Soon the Gent put down his fiddle and swung Mama around to the music of Rusty's mouth harp. She laughed and looked very young, like she forgot for a minute about lost income and lost mules. If I hadn't been so dag diggety angry, I might even have felt bad about adding to her troubles.

Finally, when everybody was danced out, they rested their blisters a spell while Mama boiled molasses down for taffy. Greasing up their hands with lard, the boarders took turns pulling the candy into long strands and doubling it and pulling it again until it was a consistency to eat. By that time it seemed there was more of the gray, sticky candy on their hands and mouths and shirt fronts than in the pan. Some of the miners commenced playing dominoes while others drifted off to bed or to the saloon to drink too much and sleep in a drunken huddle on the saloon floor until morning.

I heard the Gent say: "I sure do fancy that woman."

Who? I thought, moving closer and picking up mugs and plates, the better to listen.

"Who don't?" said Rusty.

"Yeah. Well, I aim to marry her." Who? I thought again. Belle Scatter? Milly from the saloon?

"You polecat, what makes you think she'd have you?"

The Gent said, with a smile in his voice, "My charm, my good looks, and my money."

Rusty slapped him hard on the back. "If that ain't the beatingest thing I ever heard. Why, you got the charm of a mosquito, the good looks of a hog's butt, and less money than a greenhorn in a gambling house. I think she'd do better to take Jimmy."

"Nevertheless," said the Gent, "I aim to marry Arvella."

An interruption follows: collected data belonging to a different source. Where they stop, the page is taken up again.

lemma Phi_coercive:
  assumes t: "t \<ge> 0"
  obtains R where "R \<ge> 0" and "\<And>y. y \<in> \<D> t \<Longrightarrow> R < norm (y - \<xi>) \<Longrightarrow> \<Phi> \<xi> t < \<Phi> y t"
proof -
  define K where "K = 1 / c t"
  have K: "K > 0" using c_pos t by (simp add: K_def)
  define a where "a = \<Phi> \<xi> t - f0 \<xi> t + K * (\<Sum>i=1..p. s t - f i \<xi> t)"
  define b where "b = norm (grad0 t \<xi>) + K * (\<Sum>i=1..p. norm (gradf i t \<xi>))"
  obtain R where R: "R \<ge> 0" and dom: "\<And>r. R < r \<Longrightarrow> a + b * r < m / 2 * r\<^sup>2"
    using quadratic_dominates_linear[OF m_pos, of a b] by blast
  show ?thesis
  proof (rule that[OF R])
    fix y assume y: "y \<in> \<D> t" and far: "R < norm (y - \<xi>)"
    have "(\<Sum>i=1..p. ln (s t - f i y t))
        \<le> (\<Sum>i=1..p. (s t - f i \<xi> t) + norm (gradf i t \<xi>) * norm (y - \<xi>))"
      by (intro sum_mono ln_slack_le[OF t y]) auto
    also have "\<dots> = (\<Sum>i=1..p. s t - f i \<xi> t) + (\<Sum>i=1..p. norm (gradf i t \<xi>)) * norm (y - \<xi>)"
      by (simp add: sum.distrib sum_distrib_right)
    finally have "K * (\<Sum>i=1..p. ln (s t - f i y t))
        \<le> K * ((\<Sum>i=1..p. s t - f i \<xi> t) + (\<Sum>i=1..p. norm (gradf i t \<xi>)) * norm (y - \<xi>))"
      using K by (intro mult_left_mono) auto
    moreover have "\<Phi> y t = f0 y t - K * (\<Sum>i=1..p. ln (s t - f i y t))"
      by (simp add: Phi_tilde_def K_def)
    ultimately show "\<Phi> \<xi> t < \<Phi> y t"
      using f0_quadratic_lower_bound[OF t, of \<xi> y] dom[OF far]
      by (simp add: a_def b_def algebra_simps)
  qed
qed
(* Suppose $c_1\ge-1$, $c_2\ge-1$, $c_3>\bar c_3(c_1,c_2)$. Let $U^+$ be the real analytic solution, on some interval $(-1,-1+\delta)$, of $(1-x^2)U'+2xU+\frac12U^2=P_c(x)$ given by a power series $\tau_2(c_1)+\sum_{n\ge1}a_n(1+x)^n$ (so $U^+(-1)=\tau_2(c_1)$). Then $U^+$ extends to a solution of the equation in $(-1,1)$ and $U^+(1)=\tau_2'(c_2)$. Similarly, let $U^-$ be the real analytic solution on some interval $(1-\delta,1)$ given by a power series $\tau_1'(c_2)+\sum_{n\ge1}b_n(1-x)^n$ (so $U^-(1)=\tau_1'(c_2)$). Then $U^-$ extends to a solution in $(-1,1)$ and $U^-(-1)=\tau_1(c_1)$. Moreover $U^-<U^+$ in $(-1,1)$.
   Context: $P_c(x):=c_1(1-x)+c_2(1+x)+c_3(1-x^2)$ for $c=(c_1,c_2,c_3)$; $\bar c_3(c_1,c_2):=-\frac12(\sqrt{1+c_1}+\sqrt{1+c_2})(\sqrt{1+c_1}+\sqrt{1+c_2}+2)$. $\tau_1(c_1):=2-2\sqrt{1+c_1}$, $\tau_2(c_1):=2+2\sqrt{1+c_1}$, $\tau_1'(c_2):=-2-2\sqrt{1+c_2}$, $\tau_2'(c_2):=-2+2\sqrt{1+c_2}$. For $c_1\ge-1$ there is a unique power-series (real analytic) local solution near $x=-1$ with value $\tau_2(c_1)$ at $-1$, and for $c_2\ge-1$ a unique one near $x=1$ with value $\tau_1'(c_2)$ at $1$. Boundary values $U(\pm1)$ denote one-sided limits. *)

theory Defs
  imports "HOL-Analysis.Analysis"
begin

definition Pc :: "real \<Rightarrow> real \<Rightarrow> real \<Rightarrow> real \<Rightarrow> real" where
  "Pc c1 c2 c3 x = c1 * (1 - x) + c2 * (1 + x) + c3 * (1 - x^2)"

definition c3bar :: "real \<Rightarrow> real \<Rightarrow> real" where
  "c3bar c1 c2 = - (1/2) * (sqrt (1 + c1) + sqrt (1 + c2)) * (sqrt (1 + c1) + sqrt (1 + c2) + 2)"

definition tau1 :: "real \<Rightarrow> real" where "tau1 c1 = 2 - 2 * sqrt (1 + c1)"
definition tau2 :: "real \<Rightarrow> real" where "tau2 c1 = 2 + 2 * sqrt (1 + c1)"
definition tau1' :: "real \<Rightarrow> real" where "tau1' c2 = -2 - 2 * sqrt (1 + c2)"
definition tau2' :: "real \<Rightarrow> real" where "tau2' c2 = -2 + 2 * sqrt (1 + c2)"

definition solves_on :: "real \<Rightarrow> real \<Rightarrow> real \<Rightarrow> (real \<Rightarrow> real) \<Rightarrow> real set \<Rightarrow> bool" where
  "solves_on c1 c2 c3 U S \<longleftrightarrow>
     (\<forall>x\<in>S. \<exists>D. (U has_real_derivative D) (at x) \<and>
        (1 - x^2) * D + 2 * x * U x + (U x)^2 / 2 = Pc c1 c2 c3 x)"

end

theory Submission
  imports Defs "HOL-Real_Asymp.Real_Asymp"
begin

text \<open>
  With \<open>z = (1 + x) / 2\<close>, the substitution
  \<open>U = L + 4 (1 - z) z F'(z) / F(z)\<close>, where \<open>L\<close> is the explicit linear solution for the critical
  value \<open>c\<^sub>3 = c3bar c\<^sub>1 c\<^sub>2\<close>, turns the Riccati equation into Gauss's hypergeometric equation
  for \<open>F\<close>. For \<open>c\<^sub>3 > c3bar c\<^sub>1 c\<^sub>2\<close> the hypergeometric series has positive coefficients and
  radius 1, so this gives a solution \<open>U\<^sup>+\<close> on all of \<open>(-1, 1)\<close> with \<open>U\<^sup>+ > L\<close> and
  \<open>U\<^sup>+(-1) = \<tau>\<^sub>2(c\<^sub>1)\<close>; a Gronwall argument identifies it with the power series solution.
  Near \<open>x = 1\<close> a bounded solution must converge to a zero of the right-hand side, i.e. to
  \<open>\<tau>\<^sub>1'(c\<^sub>2)\<close> or \<open>\<tau>\<^sub>2'(c\<^sub>2)\<close>; the limit \<open>\<tau>\<^sub>1'(c\<^sub>2) = L(1)\<close> is excluded because
  \<open>U\<^sup>+ - L\<close> is positive and eventually nondecreasing. The solution \<open>U\<^sup>-\<close> is obtained by the
  symmetry \<open>x \<mapsto> -x\<close>, \<open>U \<mapsto> -U\<close>, \<open>c\<^sub>1 \<leftrightarrow> c\<^sub>2\<close>, which also gives \<open>U\<^sup>- < L < U\<^sup>+\<close>.
\<close>

section \<open>Power series and the Euler operator\<close>

lemma conv_radius_mult_of_nat_power:
  fixes f :: "nat \<Rightarrow> 'a :: {banach, real_normed_div_algebra}"
  shows "conv_radius (\<lambda>n. of_nat n ^ k * f n) = conv_radius f"
proof -
  have "limsup (\<lambda>n. ereal (root n (norm (of_nat n ^ k * f n))))
      = limsup (\<lambda>n. ereal (root n (real n) ^ k) * ereal (root n (norm (f n))))"
    by (intro Limsup_eq eventually_mono[OF eventually_gt_at_top[of "0::nat"]])
       (auto simp: norm_mult norm_power real_root_mult real_root_power)
  also have "\<dots> = ereal 1 * limsup (\<lambda>n. ereal (root n (norm (f n))))"
    using LIMSEQ_root by (intro ereal_limsup_lim_mult tendsto_ereal) (auto intro: tendsto_eq_intros)
  finally show ?thesis by (simp add: conv_radius_def)
qed

text \<open>\<open>euler_series k g\<close> is \<open>\<theta>\<^sup>k\<close> applied to \<open>\<Sum>n. g n * z ^ n\<close>, where \<open>\<theta> = z d/dz\<close>.\<close>

definition euler_series :: "nat \<Rightarrow> (nat \<Rightarrow> real) \<Rightarrow> real \<Rightarrow> real" where
  "euler_series k g z = (\<Sum>n. real n ^ k * g n * z ^ n)"

lemma summable_euler_series:
  assumes "ereal \<bar>z\<bar> < conv_radius g"
  shows "summable (\<lambda>n. real n ^ k * g n * z ^ n)"
  using summable_in_conv_radius[of z "\<lambda>n. real n ^ k * g n"] assms
  by (simp add: conv_radius_mult_of_nat_power)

I dropped the stack of plates, and the rattling of tin rumbled like thunder through the tent. Mama? They were talking about Mama? The Gent wanted to marry
Mama?
As if Pa were just worms' meat and not Pa anymore, now he was dead!

Mama was all I had left, and I sure didn't want to give her away to some man, even one with curly hair and a fiddle, like the Gent. My heart beat like rain on a canvas roof as I went looking for Mama.

Mama wasn't in the front tent or in the big tent the boarders slept in. Thinking maybe she'd gone to the necessary out back, I took a candle and stepped into the night. A moving wisp of mist uncovered the face of the moon, and for a minute I was transported back to Massachusetts, where Pa was whispering, "California, get up. Come and look. Come," and there right outside the door, under a midwinter moon, a group of cottontails, freed by the clear weather from their underground burrows, were frolicking on the crusted snow.